Peu importe, on passe rapidement cette introduction (très réussie cependant — en témoigne l’excellence du premier plan) à une réalisation par la suite très maîtrisée.
Inspirée de l’expressionnisme Allemand par légères touches, la photographie, sombre mais sans excès, prépare à l’intrusion du Babadook tout en représentant l’état d’esprit des personnages. Le décor de la maison va également dans ce sens. Détail amusant : beaucoup de références très intéressantes (et indéniablement chères à la réalisatrice) sont directement montrées dans le film par le biais du poste de télévision ; les cinéphiles pourront ainsi se rincer l’œil devant des extraits de fantasmagories de Méliès, de films expressionnistes et de pellicules horrifiques un peu underground des années 80.
Le suspense est aussi assuré, comme toujours dans ce genre de films, par la bande-son. La musique, discrète, est très réussie ; l’ambiance est lourde et noire, les bruitages du Babadook font toujours mouche, originaux et incroyablement stressants.
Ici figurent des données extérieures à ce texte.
lemma relative_dim_UNIV_ge:
  assumes "C2 \<subseteq> C1" "r \<le> mdim C1 - mdim C2"
  shows "int r \<le> relative_dim C1 C2 UNIV"
proof -
  have "mdim C2 \<le> mdim C1" using assms(1) M.dim_subset by (simp add: mdim_def)
  then show ?thesis using assms(2) unfolding relative_dim_UNIV by linarith
qed

lemma dMr_le_card:
  fixes C1 C2 :: "('a::field^'n^'m) set"
  assumes "C2 \<subseteq> C1" "r \<le> mdim C1 - mdim C2"
  shows "dMr C1 C2 r \<le> CARD('n)"
  using dMr_le[OF vec.subspace_UNIV relative_dim_UNIV_ge[OF assms]] by (simp add: card_cart_basis)

lemma dMr_attained:
  fixes C1 C2 :: "('a::field^'n^'m) set"
  assumes "C2 \<subseteq> C1" "r \<le> mdim C1 - mdim C2"
  obtains L where "vec.subspace L" "vec.dim L = dMr C1 C2 r" "int r \<le> relative_dim C1 C2 L"
proof -
  have "\<exists>d L. vec.subspace L \<and> vec.dim L = d \<and> int r \<le> relative_dim C1 C2 L"
    using relative_dim_UNIV_ge[OF assms] vec.subspace_UNIV by blast
  from LeastI_ex[OF this[unfolded relative_dim_def]] show thesis
    using that unfolding dMr_def relative_dim_def by blast
qed

lemma dMr_mono:
  assumes "C2 \<subseteq> C1" "r \<le> s" "s \<le> mdim C1 - mdim C2"
  shows "dMr C1 C2 r \<le> dMr C1 C2 s"
proof -
  obtain L where "vec.subspace L" "vec.dim L = dMr C1 C2 s" "int s \<le> relative_dim C1 C2 L"
    using dMr_attained[OF assms(1,3)] .
  then show ?thesis using assms(2) dMr_le[of L r C1 C2] by simp
qed

lemma dMr_Suc_le_add_card:
  fixes C1 C2 :: "('a::field^'n^'m) set"
  assumes "lin_code C1" "lin_code C2" "C2 \<subseteq> C1" "r + 1 \<le> mdim C1 - mdim C2"
  shows "dMr C1 C2 (r + 1) \<le> dMr C1 C2 r + CARD('m)"
proof -
  obtain L where L: "vec.subspace L" "vec.dim L = dMr C1 C2 r" "int r \<le> relative_dim C1 C2 L"
    using dMr_attained[OF assms(3), of r] assms(4) by auto
  show ?thesis
  proof (cases "int (r + 1) \<le> relative_dim C1 C2 L")
    case True
    then show ?thesis using dMr_le[OF L(1)] L(2) by fastforce
  next
    case False
    then have "relative_dim C1 C2 L < int (mdim C1) - int (mdim C2)" using assms(4) by linarith
    then obtain L' where "vec.subspace L'" "vec.dim L' \<le> vec.dim L + CARD('m)"
        "relative_dim C1 C2 L + 1 \<le> relative_dim C1 C2 L'"
      using relative_dim_increase[OF assms(1-3) L(1)] by blast
    then show ?thesis using dMr_le[of L' "r + 1" C1 C2] L by simp
  qed
qed

lemma dMr_lt_dMr_add_card:
  fixes C1 C2 :: "('a::field^'n^'m) set"
  assumes "lin_code C1" "C2 \<subseteq> C1" "r + CARD('m) \<le> mdim C1 - mdim C2"
  shows "dMr C1 C2 r + 1 \<le> dMr C1 C2 (r + CARD('m))"
proof -
  obtain L where L: "vec.subspace L" "vec.dim L = dMr C1 C2 (r + CARD('m))"
      "int (r + CARD('m)) \<le> relative_dim C1 C2 L"
    using dMr_attained[OF assms(2,3)] .
  have "vec.dim L \<noteq> 0"
  proof
    assume "vec.dim L = 0"
    then have "relative_dim C1 C2 L \<le> 0" by (rule relative_dim_le_0_if_dim_0[OF L(1)])
    with L(3) have "CARD('m) = 0" by linarith
    then show False by simp
  qed
  then obtain L' where "vec.subspace L'" "vec.dim L' + 1 = vec.dim L"
      "relative_dim C1 C2 L \<le> relative_dim C1 C2 L' + int CARD('m)"
    using relative_dim_decrease[OF assms(1) L(1)] by blast
  then show ?thesis using dMr_le[of L' r C1 C2] L by simp
qed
Rareté de nos jours : le son ne joue pas une seule fois sur le jumpscare ! Comme quoi, faire peur et faire sursauter ne sont pas forcément reliés.
La réalisatrice prend le temps de raconter son histoire et de présenter ses personnages ; le Babadook met du temps à apparaître, développant la psychologie du duo principal avec justesse, ce qui fait qu’on ne s’ennuie pas une seule seconde malgré le rythme tout en retenue. Jouant sur les peurs enfantines les plus primales (le noir — nuit, placard, dessous de lit —, le monstre, la colère voire la haine d’un parent...), l’angoisse et le malaise gagnent peu à peu le spectateur. Le film se montre alors très intelligent : on s’attend à une histoire classique de maison hantée ou/et de possession, mais le scénario utilise son monstre pour s’orienter vers une confrontation intimiste entre la mère et son enfant, enfermés dans leur maison avec leurs vieux démons. La dimension devient alors malgré le monstre carrément plus humaine et viscérale, nous offrant un spectacle différent des références citées plus haut.
Cerise sur le gâteau : toute cette peur et cette horreur grandissante se font au final dans une optique métaphorique, que chacun pourra interpréter à sa façon. La symbolique de l’œuvre constitue donc la dernière part du charme de « Mister Babadook » : ceux qui auront vu le film pour avoir peur en auront eu pour leur argent, ceux qui voudront voir plus loin seront également comblés par une écriture réfléchie et finalement presque poétique.
V. Conclusion
Grâce à une auteure talentueuse, deux acteurs impliqués et une maîtrise technique sans faille, « The Babadook » réussit à faire preuve d’originalité et d’efficacité dans un genre pourtant largement traité. On peut, sans trop avoir peur de se tromper, parler de futur film culte — tout en finesse, en noirceur, en poésie et en émotions. Très personnelle, la réalisation s’adapte à merveille à l’histoire racontée, mettant en scène deux protagonistes peu communs et un monstre à la fois métaphorique et effrayant, visuellement réussi, original et terriblement classe.
Jennifer Kent se révèle ainsi être une réalisatrice prometteuse, Essie Davis et Noah Wiseman deux acteurs à suivre, et leur collaboration, une œuvre aussi modeste que puissante qui fera école.